**Exercise goal:** Each entry that follows needs to be written out exactly, with nothing left out.

(Dataset entries)
lemma fourth_moment_isotropic:
  fixes C :: "(real^'n) set"
  defines "s \<equiv> \<Sum>x\<in>C. (x \<bullet> x)\<^sup>2"
  assumes "(\<Sum>x\<in>C. \<Sum>y\<in>C. (x \<bullet> y) ^ 4) = 3 * s\<^sup>2 / (real CARD('n) * (real CARD('n) + 2))"
  shows "(\<Sum>x\<in>C. (x \<bullet> u)\<^sup>2 * (x \<bullet> v)\<^sup>2)
    = s / (real CARD('n) * (real CARD('n) + 2)) * ((u \<bullet> u) * (v \<bullet> v) + 2 * (u \<bullet> v)\<^sup>2)"
proof -
  define n where "n = real CARD('n)"
  define A where "A = (\<Sum>x\<in>C. outer_vec (outer_vec x x) (outer_vec x x))"
  define E :: "real^(('n \<times> 'n) \<times> ('n \<times> 'n))" where "E = delta4"
  have AA: "A \<bullet> A = (\<Sum>x\<in>C. \<Sum>y\<in>C. (x \<bullet> y) ^ 4)"
    unfolding A_def inner_sum_left inner_sum_right
    by (subst sum.swap) (simp add: inner_outer_vec power4_eq_xxxx mult_ac)
  have AE: "A \<bullet> E = 3 * s"
    by (simp add: A_def E_def s_def inner_sum_right inner_commute[of _ delta4] inner_delta4_outer_vec
        power2_eq_square sum_distrib_left)
  have EE: "E \<bullet> E = 3 * n * (n + 2)"
    by (simp add: E_def n_def inner_delta4_self)
  have n: "n > 0"
    by (simp add: n_def)
  then have "E \<noteq> 0"
    using EE by auto
  moreover have "(A \<bullet> A) * (E \<bullet> E) = 3 * s\<^sup>2 / (n * (n + 2)) * (3 * n * (n + 2))"
    by (simp only: AA EE assms(2) n_def)
  then have "(A \<bullet> E)\<^sup>2 = (A \<bullet> A) * (E \<bullet> E)"
    using n by (simp add: AE power2_eq_square)
  ultimately have A: "A = (A \<bullet> E / (E \<bullet> E)) *\<^sub>R E"
    by (rule eq_scaleR_if_Cauchy_Schwarz_eq)
  have "(\<Sum>x\<in>C. (x \<bullet> u)\<^sup>2 * (x \<bullet> v)\<^sup>2) = A \<bullet> outer_vec (outer_vec u u) (outer_vec v v)"
    by (simp add: A_def inner_sum_left inner_outer_vec power2_eq_square)
  also have "\<dots> = (A \<bullet> E / (E \<bullet> E)) * ((u \<bullet> u) * (v \<bullet> v) + 2 * (u \<bullet> v)\<^sup>2)"
    using arg_cong[OF A, of "\<lambda>X. X \<bullet> outer_vec (outer_vec u u) (outer_vec v v)"]
    by (simp add: E_def inner_delta4_outer_vec power2_eq_square inner_commute)
  finally show ?thesis
    using n by (simp add: AE EE n_def)
qed

lemma design_inner_self:
  assumes "spherical_22_design C" and "x \<in> C"
  shows "x \<bullet> x = 1"
  using assms by (auto simp: spherical_22_design_def subset_iff norm_eq_1[symmetric])

lemma design_second_moment:
  fixes C :: "(real^'n) set"
  assumes "spherical_22_design C" and "CARD('n) \<ge> 2"
  shows "(\<Sum>x\<in>C. (x \<bullet> u) * (x \<bullet> v)) = real (card C) / real CARD('n) * (u \<bullet> v)"
  using second_moment_isotropic[of "\<lambda>_. 1" C u v] design_sum_inner_power2[OF assms]
    design_inner_self[OF assms(1)]
  by simp

lemma design_fourth_moment:
  fixes C :: "(real^'n) set"
  assumes "spherical_22_design C" and "CARD('n) \<ge> 2"
  shows "(\<Sum>x\<in>C. (x \<bullet> u)\<^sup>2 * (x \<bullet> v)\<^sup>2)
    = real (card C) / (real CARD('n) * (real CARD('n) + 2)) * ((u \<bullet> u) * (v \<bullet> v) + 2 * (u \<bullet> v)\<^sup>2)"
  using fourth_moment_isotropic[of C u v] design_sum_inner_power4[OF assms]
    design_inner_self[OF assms(1)]
  by simp

lemma sum_eq_card_mult_bound_imp_eq:
  fixes f :: "'a \<Rightarrow> real"
  assumes "finite A" and "\<And>a. a \<in> A \<Longrightarrow> f a \<le> c" and "sum f A = real (card A) * c" and "a \<in> A"
  shows "f a = c"
proof -
  have "(\<Sum>a\<in>A. c - f a) = 0"
    using assms(3) by (simp add: sum_subtractf)
  then have "\<forall>a\<in>A. c - f a = 0"
    using assms(1,2) by (subst (asm) sum_nonneg_eq_0_iff) auto
  then show ?thesis
    using assms(4) by simp
qed

lemma symmetric_idempotent_entry_square:
  fixes R :: "'a \<Rightarrow> 'a \<Rightarrow> real"
  assumes fin: "finite C"
    and sym: "\<And>x y. x \<in> C \<Longrightarrow> y \<in> C \<Longrightarrow> R x y = R y x"
    and idem: "\<And>x y. x \<in> C \<Longrightarrow> y \<in> C \<Longrightarrow> (\<Sum>z\<in>C. R x z * R z y) = R x y"
    and diag: "\<And>x. x \<in> C \<Longrightarrow> R x x = 1 / card C"
    and xy: "x \<in> C" "y \<in> C"
  shows "(R x y)\<^sup>2 = 1 / (real (card C))\<^sup>2"
proof -
  define N where "N = real (card C)"
  have N: "N > 0"
    using fin xy by (auto simp: N_def card_gt_0_iff)
  have row_sq: "(\<Sum>z\<in>C. (R u z)\<^sup>2) = 1 / N" if "u \<in> C" for u
    using idem[OF that that] diag[OF that] sym[OF that]
    by (simp add: N_def power2_eq_square cong: sum.cong)
  \<comment> \<open>Cauchy-Schwarz bounds each squared entry by \<open>1 / N\<^sup>2\<close>; the row sums \<open>1 / N\<close> force equality.\<close>
  show ?thesis
    unfolding N_def[symmetric]
  proof (rule sum_eq_card_mult_bound_imp_eq[OF fin _ _ xy(2)])
    show "(R x z)\<^sup>2 \<le> 1 / N\<^sup>2" if "z \<in> C" for z
    proof -
      have "(R x z)\<^sup>2 = (\<Sum>w\<in>C. R x w * R w z)\<^sup>2"
        using idem xy(1) that by simp
      also have "\<dots> \<le> (\<Sum>w\<in>C. (R x w)\<^sup>2) * (\<Sum>w\<in>C. (R w z)\<^sup>2)"
        by (rule Cauchy_Schwarz_ineq_sum)
      also have "(\<Sum>w\<in>C. (R w z)\<^sup>2) = (\<Sum>w\<in>C. (R z w)\<^sup>2)"
        using sym that by (intro sum.cong) auto
      finally show ?thesis
        using row_sq xy(1) that by (simp add: power2_eq_square)
    qed
    show "(\<Sum>z\<in>C. (R x z)\<^sup>2) = real (card C) * (1 / N\<^sup>2)"
      using row_sq[OF xy(1)] N by (simp add: N_def power2_eq_square)
  qed
qed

**Task output:**
lemma fourth_moment_isotropic:
  fixes C :: "(real^'n) set"
  defines "s \<equiv> \<Sum>x\<in>C. (x \<bullet> x)\<^sup>2"
  assumes "(\<Sum>x\<in>C. \<Sum>y\<in>C. (x \<bullet> y) ^ 4) = 3 * s\<^sup>2 / (real CARD('n) * (real CARD('n) + 2))"
  shows "(\<Sum>x\<in>C. (x \<bullet> u)\<^sup>2 * (x \<bullet> v)\<^sup>2)
    = s / (real CARD('n) * (real CARD('n) + 2)) * ((u \<bullet> u) * (v \<bullet> v) + 2 * (u \<bullet> v)\<^sup>2)"
proof -
  define n where "n = real CARD('n)"
  define A where "A = (\<Sum>x\<in>C. outer_vec (outer_vec x x) (outer_vec x x))"
  define E :: "real^(('n \<times> 'n) \<times> ('n \<times> 'n))" where "E = delta4"
  have AA: "A \<bullet> A = (\<Sum>x\<in>C. \<Sum>y\<in>C. (x \<bullet> y) ^ 4)"
    unfolding A_def inner_sum_left inner_sum_right
    by (subst sum.swap) (simp add: inner_outer_vec power4_eq_xxxx mult_ac)
  have AE: "A \<bullet> E = 3 * s"
    by (simp add: A_def E_def s_def inner_sum_right inner_commute[of _ delta4] inner_delta4_outer_vec
        power2_eq_square sum_distrib_left)
  have EE: "E \<bullet> E = 3 * n * (n + 2)"
    by (simp add: E_def n_def inner_delta4_self)
  have n: "n > 0"
    by (simp add: n_def)
  then have "E \<noteq> 0"
    using EE by auto
  moreover have "(A \<bullet> A) * (E \<bullet> E) = 3 * s\<^sup>2 / (n * (n + 2)) * (3 * n * (n + 2))"
    by (simp only: AA EE assms(2) n_def)
  then have "(A \<bullet> E)\<^sup>2 = (A \<bullet> A) * (E \<bullet> E)"
    using n by (simp add: AE power2_eq_square)
  ultimately have A: "A = (A \<bullet> E / (E \<bullet> E)) *\<^sub>R E"
    by (rule eq_scaleR_if_Cauchy_Schwarz_eq)
  have "(\<Sum>x\<in>C. (x \<bullet> u)\<^sup>2 * (x \<bullet> v)\<^sup>2) = A \<bullet> outer_vec (outer_vec u u) (outer_vec v v)"
    by (simp add: A_def inner_sum_left inner_outer_vec power2_eq_square)
  also have "\<dots> = (A \<bullet> E / (E \<bullet> E)) * ((u \<bullet> u) * (v \<bullet> v) + 2 * (u \<bullet> v)\<^sup>2)"
    using arg_cong[OF A, of "\<lambda>X. X \<bullet> outer_vec (outer_vec u u) (outer_vec v v)"]
    by (simp add: E_def inner_delta4_outer_vec power2_eq_square inner_commute)
  finally show ?thesis
    using n by (simp add: AE EE n_def)
qed

lemma design_inner_self:
  assumes "spherical_22_design C" and "x \<in> C"
  shows "x \<bullet> x = 1"
  using assms by (auto simp: spherical_22_design_def subset_iff norm_eq_1[symmetric])

lemma design_second_moment:
  fixes C :: "(real^'n) set"
  assumes "spherical_22_design C" and "CARD('n) \<ge> 2"
  shows "(\<Sum>x\<in>C. (x \<bullet> u) * (x \<bullet> v)) = real (card C) / real CARD('n) * (u \<bullet> v)"
  using second_moment_isotropic[of "\<lambda>_. 1" C u v] design_sum_inner_power2[OF assms]
    design_inner_self[OF assms(1)]
  by simp

lemma design_fourth_moment:
  fixes C :: "(real^'n) set"
  assumes "spherical_22_design C" and "CARD('n) \<ge> 2"
  shows "(\<Sum>x\<in>C. (x \<bullet> u)\<^sup>2 * (x \<bullet> v)\<^sup>2)
    = real (card C) / (real CARD('n) * (real CARD('n) + 2)) * ((u \<bullet> u) * (v \<bullet> v) + 2 * (u \<bullet> v)\<^sup>2)"
  using fourth_moment_isotropic[of C u v] design_sum_inner_power4[OF assms]
    design_inner_self[OF assms(1)]
  by simp

lemma sum_eq_card_mult_bound_imp_eq:
  fixes f :: "'a \<Rightarrow> real"
  assumes "finite A" and "\<And>a. a \<in> A \<Longrightarrow> f a \<le> c" and "sum f A = real (card A) * c" and "a \<in> A"
  shows "f a = c"
proof -
  have "(\<Sum>a\<in>A. c - f a) = 0"
    using assms(3) by (simp add: sum_subtractf)
  then have "\<forall>a\<in>A. c - f a = 0"
    using assms(1,2) by (subst (asm) sum_nonneg_eq_0_iff) auto
  then show ?thesis
    using assms(4) by simp
qed

lemma symmetric_idempotent_entry_square:
  fixes R :: "'a \<Rightarrow> 'a \<Rightarrow> real"
  assumes fin: "finite C"
    and sym: "\<And>x y. x \<in> C \<Longrightarrow> y \<in> C \<Longrightarrow> R x y = R y x"
    and idem: "\<And>x y. x \<in> C \<Longrightarrow> y \<in> C \<Longrightarrow> (\<Sum>z\<in>C. R x z * R z y) = R x y"
    and diag: "\<And>x. x \<in> C \<Longrightarrow> R x x = 1 / card C"
    and xy: "x \<in> C" "y \<in> C"
  shows "(R x y)\<^sup>2 = 1 / (real (card C))\<^sup>2"
proof -
  define N where "N = real (card C)"
  have N: "N > 0"
    using fin xy by (auto simp: N_def card_gt_0_iff)
  have row_sq: "(\<Sum>z\<in>C. (R u z)\<^sup>2) = 1 / N" if "u \<in> C" for u
    using idem[OF that that] diag[OF that] sym[OF that]
    by (simp add: N_def power2_eq_square cong: sum.cong)
  \<comment> \<open>Cauchy-Schwarz bounds each squared entry by \<open>1 / N\<^sup>2\<close>; the row sums \<open>1 / N\<close> force equality.\<close>
  show ?thesis
    unfolding N_def[symmetric]
  proof (rule sum_eq_card_mult_bound_imp_eq[OF fin _ _ xy(2)])
    show "(R x z)\<^sup>2 \<le> 1 / N\<^sup>2" if "z \<in> C" for z
    proof -
      have "(R x z)\<^sup>2 = (\<Sum>w\<in>C. R x w * R w z)\<^sup>2"
        using idem xy(1) that by simp
      also have "\<dots> \<le> (\<Sum>w\<in>C. (R x w)\<^sup>2) * (\<Sum>w\<in>C. (R w z)\<^sup>2)"
        by (rule Cauchy_Schwarz_ineq_sum)
      also have "(\<Sum>w\<in>C. (R w z)\<^sup>2) = (\<Sum>w\<in>C. (R z w)\<^sup>2)"
        using sym that by (intro sum.cong) auto
      finally show ?thesis
        using row_sq xy(1) that by (simp add: power2_eq_square)
    qed
    show "(\<Sum>z\<in>C. (R x z)\<^sup>2) = real (card C) * (1 / N\<^sup>2)"
      using row_sq[OF xy(1)] N by (simp add: N_def power2_eq_square)
  qed
qed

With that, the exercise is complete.